● WORK REQUEST
Read through the records. Copy each line that has the word "unfolding".

● GIVEN RECORDS
lemma loc_x_loc_can_swap:
  assumes s: "s \<in> S" and r: "r \<in> carrier R"
  obtains t r' where "t \<in> S" "r' \<in> carrier R" "lx s \<otimes>\<^bsub>U\<^esub> lc r = lc r' \<otimes>\<^bsub>U\<^esub> lx t"
proof -
  obtain t r' where t: "t \<in> S" and r': "r' \<in> carrier R" and eq: "r \<otimes>\<^bsub>R\<^esub> t = s \<otimes>\<^bsub>R\<^esub> r'"
    using ore_condition[OF r s] by blast
  have "lx s \<otimes>\<^bsub>U\<^esub> lc r = lx s \<otimes>\<^bsub>U\<^esub> lc r \<otimes>\<^bsub>U\<^esub> (lc t \<otimes>\<^bsub>U\<^esub> lx t)"
    using s r t by (simp add: loc_can_loc_x)
  also have "\<dots> = lx s \<otimes>\<^bsub>U\<^esub> lc (s \<otimes>\<^bsub>R\<^esub> r') \<otimes>\<^bsub>U\<^esub> lx t"
    using s r t by (simp add: U.m_assoc flip: eq)
  also have "\<dots> = (lx s \<otimes>\<^bsub>U\<^esub> lc s) \<otimes>\<^bsub>U\<^esub> lc r' \<otimes>\<^bsub>U\<^esub> lx t"
    using s r' t by (simp add: U.m_assoc)
  also have "\<dots> = lc r' \<otimes>\<^bsub>U\<^esub> lx t"
    using s r' t by (simp add: loc_x_loc_can)
  finally show ?thesis using that t r' by blast
qed

definition right_fractions :: "(('a + 'a) list \<Rightarrow> int) set set" where
  "right_fractions = {lc r \<otimes>\<^bsub>U\<^esub> lx s | r s. r \<in> carrier R \<and> s \<in> S}"

lemma right_fractionsI: "r \<in> carrier R \<Longrightarrow> s \<in> S \<Longrightarrow> lc r \<otimes>\<^bsub>U\<^esub> lx s \<in> right_fractions"
  unfolding right_fractions_def by blast

lemma right_fractionsE:
  assumes "q \<in> right_fractions"
  obtains r s where "r \<in> carrier R" "s \<in> S" "q = lc r \<otimes>\<^bsub>U\<^esub> lx s"
  using assms unfolding right_fractions_def by blast

lemma loc_can_in_right_fractions: "r \<in> carrier R \<Longrightarrow> lc r \<in> right_fractions"
  using right_fractionsI[OF _ one_in_S, of r] by (simp add: loc_x_one)

lemma loc_x_in_right_fractions: "s \<in> S \<Longrightarrow> lx s \<in> right_fractions"
  using right_fractionsI[OF R.one_closed, of s] by simp

lemma right_fractions_uminus:
  assumes "q \<in> right_fractions"
  shows "\<ominus>\<^bsub>U\<^esub> q \<in> right_fractions"
proof -
  obtain r s where "r \<in> carrier R" "s \<in> S" "q = lc r \<otimes>\<^bsub>U\<^esub> lx s"
    using assms by (rule right_fractionsE)
  then have "\<ominus>\<^bsub>U\<^esub> q = lc (\<ominus>\<^bsub>R\<^esub> r) \<otimes>\<^bsub>U\<^esub> lx s \<and> \<ominus>\<^bsub>R\<^esub> r \<in> carrier R \<and> s \<in> S"
    by (simp add: U.l_minus)
  then show ?thesis using right_fractionsI by metis
qed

● SOLUTION BELOW
  unfolding right_fractions_def by blast
  using assms unfolding right_fractions_def by blast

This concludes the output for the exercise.